→ AVAILABLE RECORDS:

lemma discounted_mean_add:
  assumes "\<bar>lam\<bar> < 1" and "Bseq a" and "Bseq b"
  shows "discounted_mean lam (\<lambda>t. a t + b t) = discounted_mean lam a + discounted_mean lam b"
  using suminf_add[OF summable_geometric_times_Bseq[OF assms(1,2)]
      summable_geometric_times_Bseq[OF assms(1,3)], symmetric]
  by (simp add: discounted_mean_def distrib_left)

lemma discounted_mean_cmult:
  assumes "\<bar>lam\<bar> < 1" and "Bseq a"
  shows "discounted_mean lam (\<lambda>t. c * a t) = c * discounted_mean lam a"
  using suminf_mult[OF summable_geometric_times_Bseq[OF assms], of c]
  by (simp add: discounted_mean_def mult.left_commute)

lemma discounted_mean_Suc:
  assumes "\<bar>lam\<bar> < 1" and "Bseq a"
  shows "discounted_mean lam a = (1 - lam) * a 0 + lam * discounted_mean lam (\<lambda>t. a (Suc t))"
proof -
  have "Bseq (\<lambda>t. a (Suc t))"
    using \<open>Bseq a\<close> by (simp add: Bseq_Suc_iff)
  from suminf_mult[OF summable_geometric_times_Bseq[OF assms(1) this], of lam]
  have "(\<Sum>t. lam ^ Suc t * a (Suc t)) = lam * (\<Sum>t. lam ^ t * a (Suc t))"
    by (simp add: mult.assoc)
  moreover have "(\<Sum>t. lam ^ Suc t * a (Suc t)) = (\<Sum>t. lam ^ t * a t) - a 0"
    using suminf_split_head[OF summable_geometric_times_Bseq[OF assms]] by simp
  ultimately have "(\<Sum>t. lam ^ t * a t) = a 0 + lam * (\<Sum>t. lam ^ t * a (Suc t))"
    by simp
  then show ?thesis
    unfolding discounted_mean_def by (simp add: algebra_simps)
qed
lemma Metric_space_S_one: "Metric_space S_one rdist_real"
proof
  fix S T
  show "0 \<le> rdist_real S T"
    by (simp add: rdist_real_def)
  show "rdist_real S T = rdist_real T S"
    by (simp add: rdist_real_def rdist_commute)
next
  fix S T
  assume ST: "S \<in> S_one" "T \<in> S_one"
  have "rdist_real S T = 0 \<longleftrightarrow> ennreal (rdist_real S T) = 0"
    by (simp add: rdist_real_def)
  also have "\<dots> \<longleftrightarrow> S = T"
    using ST rdist_eq_0_imp_eq rdist_self_S_one
    by (auto simp: S_one_def simp flip: rdist_eq_ennreal_rdist_real)
  finally show "rdist_real S T = 0 \<longleftrightarrow> S = T" .
next
  fix S T U
  assume STU: "S \<in> S_one" "T \<in> S_one" "U \<in> S_one"
  then have "rdist S U \<le> rdist S T + rdist T U"
    by (intro rdist_triangle S_one_imp_rigged_on_circle)
  then have "ennreal (rdist_real S U) \<le> ennreal (rdist_real S T) + ennreal (rdist_real T U)"
    using STU by (simp only: rdist_eq_ennreal_rdist_real)
  moreover have "0 \<le> rdist_real S T" "0 \<le> rdist_real T U"
    by (simp_all add: rdist_real_def)
  ultimately show "rdist_real S U \<le> rdist_real S T + rdist_real T U"
    by (simp add: ennreal_le_iff flip: ennreal_plus)
qed

section \<open>Completeness\<close>

lemma (in Metric_space) MCauchy_imp_geometric_subsequence:
  assumes "MCauchy \<sigma>"
  obtains r where "strict_mono r" "\<And>n. d (\<sigma> (r n)) (\<sigma> (r (Suc n))) < (1/2)^n"
proof -
  have Nex: "\<forall>n. \<exists>N. \<forall>m m'. N \<le> m \<longrightarrow> N \<le> m' \<longrightarrow> d (\<sigma> m) (\<sigma> m') < (1/2)^n"
    using assms unfolding MCauchy_def by auto
  then obtain N where "\<forall>n m m'. N n \<le> m \<longrightarrow> N n \<le> m' \<longrightarrow> d (\<sigma> m) (\<sigma> m') < (1/2)^n"
    using choice[OF Nex] by blast
  then have N: "\<And>n m m'. N n \<le> m \<Longrightarrow> N n \<le> m' \<Longrightarrow> d (\<sigma> m) (\<sigma> m') < (1/2)^n"
    by blast
  define r where "r = rec_nat (N 0) (\<lambda>n rn. max (Suc rn) (N (Suc n)))"
  have r0: "r 0 = N 0" and rSuc: "r (Suc n) = max (Suc (r n)) (N (Suc n))" for n
    by (simp_all add: r_def)
  have rN: "N n \<le> r n" for n
    by (cases n) (simp_all add: r0 rSuc)
  show ?thesis
  proof
    show "strict_mono r"
      unfolding strict_mono_Suc_iff rSuc by (simp add: less_max_iff_disj)
    show "d (\<sigma> (r n)) (\<sigma> (r (Suc n))) < (1/2)^n" for n
      using rN[of n] rSuc[of n] by (intro N) auto
  qed
qed

lemma (in Metric_space) mcomplete_if_geometric_sequences_converge:
  assumes "\<And>x. range x \<subseteq> M \<Longrightarrow> (\<And>n. d (x n) (x (Suc n)) < (1/2)^n) \<Longrightarrow>
             \<exists>l. limitin mtopology x l sequentially"
  shows mcomplete
  unfolding mcomplete_def
proof (intro allI impI)
  fix \<sigma>
  assume cau: "MCauchy \<sigma>"
  obtain r where r: "strict_mono r" "\<And>n. d (\<sigma> (r n)) (\<sigma> (r (Suc n))) < (1/2)^n"
    using MCauchy_imp_geometric_subsequence[OF cau] by blast
  moreover have "range (\<sigma> \<circ> r) \<subseteq> M"
    using cau by (auto simp: MCauchy_def)
  ultimately obtain l where "limitin mtopology (\<sigma> \<circ> r) l sequentially"
    using assms[of "\<sigma> \<circ> r"] by auto
  then show "\<exists>l. limitin mtopology \<sigma> l sequentially"
    using MCauchy_convergent_subsequence[OF cau r(1)] by blast
qed

lemma (in Metric_space) limitin_if_dist_le_geometric:
  assumes "l \<in> M" "range x \<subseteq> M" "\<And>n. d (x n) l \<le> C * (1/2)^n"
  shows "limitin mtopology x l sequentially"
proof -
  have "(\<lambda>n. C * (1/2)^n) \<longlonglongrightarrow> 0"
    by (rule tendsto_mult_right_zero, rule LIMSEQ_power_zero) simp
  moreover have "\<forall>\<^sub>F n in sequentially. norm (d (x n) l) \<le> C * (1/2)^n"
    using assms(3) nonneg by (simp add: always_eventually)
  ultimately have "(\<lambda>n. d (x n) l) \<longlonglongrightarrow> 0"
    by (metis Lim_null_comparison)
  moreover have "\<forall>\<^sub>F n in sequentially. x n \<in> M"
    using assms(2) by (intro always_eventually) auto
  ultimately show ?thesis
    using assms(1) unfolding limitin_metric_dist_null by blast
qed

text \<open>Padding with ones ensures that pointwise limits of padded enumerations still take
  the value 1 infinitely often.\<close>

definition pad_ones :: "(nat \<Rightarrow> complex) \<Rightarrow> nat \<Rightarrow> complex" where
  "pad_ones s j = (if even j then s (j div 2) else 1)"

lemma infinite_Collect_if_odd:
  "(\<And>j. odd j \<Longrightarrow> P j) \<Longrightarrow> infinite {j :: nat. P j}"
proof -
  assume "\<And>j. odd j \<Longrightarrow> P j"
  then have "range (\<lambda>i::nat. 2 * i + 1) \<subseteq> {j. P j}"
    by auto
  moreover have "infinite (range (\<lambda>i::nat. 2 * i + 1))"
    by (rule range_inj_infinite) (auto intro: injI)
  ultimately show ?thesis
    using finite_subset by blast
qed

lemma is_enum_pad_ones:
  assumes "is_enum S s" "S 1 = \<infinity>"
  shows "is_enum S (pad_ones s)"
  unfolding is_enum_def
proof
  fix x
  show "ecount (pad_ones s) x = S x"
  proof (cases "x = 1")
    case True
    then have "infinite {j. pad_ones s j = x}"
      by (intro infinite_Collect_if_odd) (simp add: pad_ones_def)
    then show ?thesis
      using True assms(2) by (simp add: ecount_def)
  next
    case False
    then have "{j. pad_ones s j = x} = (\<lambda>i. 2 * i) ` {i. s i = x}"
      by (auto simp: pad_ones_def elim!: evenE split: if_splits)
    then have "bij_betw (\<lambda>i::nat. 2 * i) {i. s i = x} {j. pad_ones s j = x}"
      by (simp add: inj_on_def bij_betw_def)
    then have "ecount (pad_ones s) x = ecount s x"
      unfolding ecount_def by (metis bij_betw_finite bij_betw_same_card)
    then show ?thesis
      using assms(1) by (simp add: is_enum_def)
  qed
qed
lemma sub_gaussian_mem_subgauss_set:
  assumes "sub_gaussian M A \<sigma>" "\<sigma> < t"
  shows "t \<in> subgauss_set M A"
proof -
  obtain t' where "t' \<in> subgauss_set M A" "t' < t"
    using assms cInf_lessD[of "subgauss_set M A" t] by (auto simp: sub_gaussian_def)
  then show ?thesis by (auto intro: subgauss_set_mono)
qed

lemma nn_integral_le_subgauss_set:
  assumes t: "t \<in> subgauss_set M A" and [measurable]: "A \<in> borel_measurable M"
    and "0 \<le> K" and g: "AE x in M. g x \<le> K * exp ((A x)\<^sup>2 / t\<^sup>2)"
  shows "(\<integral>\<^sup>+ x. ennreal (g x) \<partial>M) \<le> ennreal (2 * K)"
proof -
  have "(\<integral>\<^sup>+ x. ennreal (g x) \<partial>M) \<le> (\<integral>\<^sup>+ x. ennreal K * ennreal (exp ((A x)\<^sup>2 / t\<^sup>2)) \<partial>M)"
    using g by (intro nn_integral_mono_AE) (auto simp: ennreal_mult[symmetric] \<open>0 \<le> K\<close>)
  also have "\<dots> = ennreal K * (\<integral>\<^sup>+ x. ennreal (exp ((A x)\<^sup>2 / t\<^sup>2)) \<partial>M)"
    by (rule nn_integral_cmult) measurable
  also have "\<dots> \<le> ennreal K * 2"
    using t by (intro mult_left_mono) (auto simp: subgauss_set_def)
  finally show ?thesis using \<open>0 \<le> K\<close> by (simp add: ennreal_mult mult.commute)
qed

lemma distr_pair_in_couplings:
  assumes "prob_space M" and [measurable]: "X \<in> measurable M N" "Y \<in> measurable M N"
  shows "distr M (N \<Otimes>\<^sub>M N) (\<lambda>x. (X x, Y x)) \<in> couplings (distr M N X) (distr M N Y)"
  unfolding couplings_def
proof (intro CollectI conjI)
  interpret prob_space M by fact
  let ?\<pi> = "distr M (N \<Otimes>\<^sub>M N) (\<lambda>x. (X x, Y x))"
  show "prob_space ?\<pi>" by (rule prob_space_distr) simp
  show "sets ?\<pi> = sets (distr M N X \<Otimes>\<^sub>M distr M N Y)"
    by (simp add: sets_pair_measure_cong[OF sets_distr sets_distr])
  have "distr ?\<pi> (distr M N X) fst = distr M (distr M N X) (fst \<circ> (\<lambda>x. (X x, Y x)))"
    by (rule distr_distr) (simp_all add: measurable_cong_sets[OF refl sets_distr])
  also have "\<dots> = distr M N X" by (rule distr_cong) auto
  finally show "distr ?\<pi> (distr M N X) fst = distr M N X" .
  have "distr ?\<pi> (distr M N Y) snd = distr M (distr M N Y) (snd \<circ> (\<lambda>x. (X x, Y x)))"
    by (rule distr_distr) (simp_all add: measurable_cong_sets[OF refl sets_distr])
  also have "\<dots> = distr M N Y" by (rule distr_cong) auto
  finally show "distr ?\<pi> (distr M N Y) snd = distr M N Y" .
qed

lemma W2_sq_le_nn_integral:
  fixes X Y :: "'a \<Rightarrow> 'b::{real_normed_vector, second_countable_topology}"
  assumes "prob_space M" and [measurable]: "X \<in> borel_measurable M" "Y \<in> borel_measurable M"
  shows "W2_sq (distr M borel X) (distr M borel Y) \<le> (\<integral>\<^sup>+ x. ennreal ((norm (X x - Y x))\<^sup>2) \<partial>M)"
proof -
  let ?\<pi> = "distr M (borel \<Otimes>\<^sub>M borel) (\<lambda>x. (X x, Y x))"
  have "W2_sq (distr M borel X) (distr M borel Y) \<le> (\<integral>\<^sup>+ p. ennreal ((norm (fst p - snd p))\<^sup>2) \<partial>?\<pi>)"
    unfolding W2_sq_def by (rule INF_lower) (rule distr_pair_in_couplings[OF assms])
  also have "\<dots> = (\<integral>\<^sup>+ x. ennreal ((norm (X x - Y x))\<^sup>2) \<partial>M)"
    by (subst nn_integral_distr) simp_all
  finally show ?thesis .
qed

lemma W2_le_sqrt:
  assumes "W2_sq \<mu> \<nu> \<le> ennreal c" "0 \<le> c"
  shows "W2 \<mu> \<nu> \<le> ereal (sqrt c)"
proof -
  have "W2_sq \<mu> \<nu> \<noteq> \<top>" using assms(1) by (auto simp: top_unique)
  moreover have "enn2real (W2_sq \<mu> \<nu>) \<le> c" using assms by (intro enn2real_leI)
  ultimately show ?thesis by (simp add: W2_def)
qed

text \<open>At \<open>t = 0\<close> the division by zero makes this \<open>2 \<alpha>\<^sup>2\<close>, which still dominates the right limit 0.\<close>
definition radial_cost_bound :: "real \<Rightarrow> real \<Rightarrow> real" where
  "radial_cost_bound \<alpha> t = 2 * (\<alpha> + t)\<^sup>2 * exp (- (\<alpha>\<^sup>2) / t\<^sup>2)"

lemma le_radial_cost_bound_of_gt:
  fixes c :: ennreal
  assumes "0 < \<alpha>" "0 \<le> s" and bound: "\<And>t. s < t \<Longrightarrow> c \<le> ennreal (radial_cost_bound \<alpha> t)"
  shows "c \<le> ennreal (radial_cost_bound \<alpha> s)"
proof -
  obtain L where lim: "(radial_cost_bound \<alpha> \<longlongrightarrow> L) (at_right s)"
    and L: "L \<le> radial_cost_bound \<alpha> s"
  proof (cases "s = 0")
    case True
    have "(radial_cost_bound \<alpha> \<longlongrightarrow> 0) (at_right 0)"
      unfolding radial_cost_bound_def using \<open>0 < \<alpha>\<close> by real_asymp
    then show ?thesis using True that by (simp add: radial_cost_bound_def)
  next
    case False
    with \<open>0 \<le> s\<close> have "isCont (radial_cost_bound \<alpha>) s"
      unfolding radial_cost_bound_def by (intro continuous_intros) auto
    then show ?thesis
      using that unfolding isCont_def by (metis at_le order_refl subset_UNIV tendsto_mono)
  qed
  have "c \<le> ennreal L"
  proof (rule tendsto_lowerbound)
    show "((\<lambda>t. ennreal (radial_cost_bound \<alpha> t)) \<longlongrightarrow> ennreal L) (at_right s)"
      using lim by (rule tendsto_ennrealI)
    show "\<forall>\<^sub>F t in at_right s. c \<le> ennreal (radial_cost_bound \<alpha> t)"
      using eventually_at_right_less by (rule eventually_mono) (rule bound)
  qed simp
  also have "\<dots> \<le> ennreal (radial_cost_bound \<alpha> s)" using L by (rule ennreal_leI)
  finally show ?thesis .
qed
(* Let $X$ be an order continuous rearrangement invariant space with the Fatou property and let $F$ be an Orlicz function. Suppose that the Cesàro operator $C$ is bounded on the Calderón–Lozanovskiĭ space $X_F$. If the Cesàro space $C(X_F)$ contains a lattice isometric copy of $\ell_\infty$, then $X_F$ also contains a lattice isometric copy of $\ell_\infty$.
   Context: Rearrangement invariant spaces are on $(0,1)$, $(0,\infty)$ (Lebesgue measure) or $\mathbb N$ (counting measure): Banach spaces $X\subset L_0$ with the ideal property ($|f|\le|g|$, $g\in X$ imply $f\in X$, $\|f\|_X\le\|g\|_X$), containing an a.e. positive element, with equal norms for equimeasurable elements. Order continuous: for every $f\in X$, $0\le f_n\le|f|$, $f_n\downarrow0$ a.e. imply $\|f_n\|_X\to0$. Fatou property: $0\le f_n\uparrow f$, $\sup\|f_n\|_X<\infty$ imply $f\in X$ and $\|f_n\|_X\uparrow\|f\|_X$. An Orlicz function is a non-decreasing convex $F:[0,\infty)\to[0,\infty]$ with $F(0)=0$; $X_F=\{f:\|f\|_{X_F}<\infty\}$ with $\|f\|_{X_F}=\inf\{\lambda>0:\|F(|f|/\lambda)\|_X\le1\}$. The Cesàro operator is $C(f)(x)=\frac1x\int_0^x|f|$ (function case) or $C(x)_n=\frac1n\sum_{k=1}^nx_k$ (sequence case), and $C(X_F)=\{f:C(|f|)\in X_F\}$ with norm $\|C(|f|)\|_{X_F}$. A lattice isometric copy of $\ell_\infty$ is the image of a linear isometric lattice-homomorphic embedding of $\ell_\infty$. *)

theory Defs
  imports "HOL-Analysis.Analysis"
begin
lemma stalk_mult_germ:
  assumes "(U, s) \<in> GP x" "(V, t) \<in> GP x"
  shows "gm x U s \<otimes>\<^bsub>St x\<^esub> gm x V t = gm x (U \<inter> V) (\<rho> U (U \<inter> V) s \<otimes>\<^bsub>S (U \<inter> V)\<^esub> \<rho> V (U \<inter> V) t)"
  using germ_op_some_rep[of "\<lambda>R a b. a \<otimes>\<^bsub>R\<^esub> b", OF _ _ assms]
  by (simp add: stalk_def germ_op_def cring.cring_simprules cring_sections ring_hom_mult restrict_hom)

lemma stalk_add_germ:
  assumes "(U, s) \<in> GP x" "(V, t) \<in> GP x"
  shows "gm x U s \<oplus>\<^bsub>St x\<^esub> gm x V t = gm x (U \<inter> V) (\<rho> U (U \<inter> V) s \<oplus>\<^bsub>S (U \<inter> V)\<^esub> \<rho> V (U \<inter> V) t)"
  using germ_op_some_rep[of "\<lambda>R a b. a \<oplus>\<^bsub>R\<^esub> b", OF _ _ assms]
  by (simp add: stalk_def germ_op_def cring.cring_simprules cring_sections ring_hom_add restrict_hom)

lemma stalk_mult_germ_same:
  assumes "openin X T" "x \<in> T" "a \<in> carrier (S T)" "b \<in> carrier (S T)"
  shows "gm x T a \<otimes>\<^bsub>St x\<^esub> gm x T b = gm x T (a \<otimes>\<^bsub>S T\<^esub> b)"
  using stalk_mult_germ[of T a x T b] assms by (simp add: germ_pairs_iff restrict_id)

lemma stalk_add_germ_same:
  assumes "openin X T" "x \<in> T" "a \<in> carrier (S T)" "b \<in> carrier (S T)"
  shows "gm x T a \<oplus>\<^bsub>St x\<^esub> gm x T b = gm x T (a \<oplus>\<^bsub>S T\<^esub> b)"
  using stalk_add_germ[of T a x T b] assms by (simp add: germ_pairs_iff restrict_id)

lemma stalk_one_germ:
  assumes "openin X T" "x \<in> T"
  shows "\<one>\<^bsub>St x\<^esub> = gm x T \<one>\<^bsub>S T\<^esub>"
proof -
  have T: "T \<subseteq> topspace X" using openin_subset[OF assms(1)] .
  have "(topspace X, \<one>\<^bsub>S (topspace X)\<^esub>) \<in> GP x"
    using assms T cring_sections[of "topspace X"] by (auto simp: germ_pairs_iff cring.cring_simprules)
  from germ_restrict[OF this assms T] show ?thesis
    using ring_hom_one[OF restrict_hom[OF _ assms(1) T]] by (simp add: stalk_def)
qed

lemma stalk_zero_germ:
  assumes "openin X T" "x \<in> T"
  shows "\<zero>\<^bsub>St x\<^esub> = gm x T \<zero>\<^bsub>S T\<^esub>"
proof -
  have T: "T \<subseteq> topspace X" using openin_subset[OF assms(1)] .
  have "(topspace X, \<zero>\<^bsub>S (topspace X)\<^esub>) \<in> GP x"
    using assms T cring_sections[of "topspace X"] by (auto simp: germ_pairs_iff cring.cring_simprules)
  from germ_restrict[OF this assms T] show ?thesis
    using restrict_zero[OF _ assms(1) T] by (simp add: stalk_def)
qed
(* For $\tau>0$ and $p\in M$ let $\zeta_\tau(p)=\frac{e^{-\varphi(p)^2/(2\tau^2)}}{\sqrt{2\pi}}G\!\left(\frac{d_p\varphi}{\tau}\right)\subset T_p^*M$. Then: (1) for all $p\in M$, $\zeta_\tau(p)\to\frac{1}{2\pi}B_M(p)$ as $\tau\to\infty$, where $B_M(p)\subset T_p^*M$ is the unit ball; (2) for all $p\in M\setminus Z_0$, $\zeta_\tau(p)\to\{0\}$ as $\tau\to0$; (3) for $p\in Z_0$, letting $\pi_p$ be the orthogonal projection of $T_p^*M$ onto the orthogonal complement of $d_p\varphi$ (identified with $T_p^*Z_0$), we have for all $\tau>0$: $\pi_p(\zeta_\tau(p))=\frac{1}{2\pi}B_{Z_0}(p)$, the unit ball of $T_p^*Z_0$ for the metric induced from $M$. Convergence is in the Hausdorff distance.
   Context: $M$ is a smooth Riemannian manifold of dimension $m$; $T_p^*M$ carries the dual Euclidean structure. $\varphi\in C^\infty(M)$ is fixed and $Z_0:=\varphi^{-1}(0)$. For an integrable random vector $Y$ in a Euclidean space $E$, the Vitale zonoid $\mathbb{E}\underline{Y}$ is the convex body with support function $u\mapsto\frac12\mathbb{E}|\langle u,Y\rangle|$; for $c\in E$, $G(c):=\mathbb{E}\underline{c+\xi}$ with $\xi$ a standard Gaussian vector in $E$. (In the paper, $\zeta_\tau$ is the zonoid section of the random field $\varphi+\tau g$, $g$ a standard GRF inducing the metric.) *)

theory Defs
  imports "HOL-Analysis.Analysis"
begin

definition std_gauss_density :: "'a::euclidean_space \<Rightarrow> real" where
  "std_gauss_density x = (2 * pi) powr (- real DIM('a) / 2) * exp (- (norm x)\<^sup>2 / 2)"

definition gauss_expect :: "('a::euclidean_space \<Rightarrow> real) \<Rightarrow> real" where
  "gauss_expect f = (LINT x|lborel. f x * std_gauss_density x)"

definition body_of_support :: "('a::euclidean_space \<Rightarrow> real) \<Rightarrow> 'a set" where
  "body_of_support h = {x. \<forall>u. u \<bullet> x \<le> h u}"

text \<open>G(c) = Vitale zonoid of c + xi, xi standard Gaussian:
  support function u |-> 1/2 E |<u, c + xi>|.\<close>
definition G_zonoid :: "'a::euclidean_space \<Rightarrow> 'a set" where
  "G_zonoid c = body_of_support (\<lambda>u. gauss_expect (\<lambda>x. \<bar>u \<bullet> (c + x)\<bar>) / 2)"

text \<open>zeta_tau(p), written pointwise with a = phi(p) and v = d_p phi in T_p^*M.\<close>
definition zeta :: "real \<Rightarrow> 'a::euclidean_space \<Rightarrow> real \<Rightarrow> 'a set" where
  "zeta a v \<tau> = (\<lambda>x. (exp (- a\<^sup>2 / (2 * \<tau>\<^sup>2)) / sqrt (2 * pi)) *\<^sub>R x) ` G_zonoid ((1 / \<tau>) *\<^sub>R v)"

text \<open>Hausdorff distance between (nonempty bounded) sets.\<close>
definition hausdorff_dist :: "'a::metric_space set \<Rightarrow> 'a set \<Rightarrow> real" where
  "hausdorff_dist S T = max (SUP x\<in>S. infdist x T) (SUP y\<in>T. infdist y S)"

→ TASK DIRECTIONS: The expected output is exactly the lines of the listing above between the line holding "0 \<longleftrightarrow> S" and the line holding "by (simp_all add: rdist_real_def)", inclusive.

→ RESPONSE:
  finally show "rdist_real S T = 0 \<longleftrightarrow> S = T" .
next
  fix S T U
  assume STU: "S \<in> S_one" "T \<in> S_one" "U \<in> S_one"
  then have "rdist S U \<le> rdist S T + rdist T U"
    by (intro rdist_triangle S_one_imp_rigged_on_circle)
  then have "ennreal (rdist_real S U) \<le> ennreal (rdist_real S T) + ennreal (rdist_real T U)"
    using STU by (simp only: rdist_eq_ennreal_rdist_real)
  moreover have "0 \<le> rdist_real S T" "0 \<le> rdist_real T U"
    by (simp_all add: rdist_real_def)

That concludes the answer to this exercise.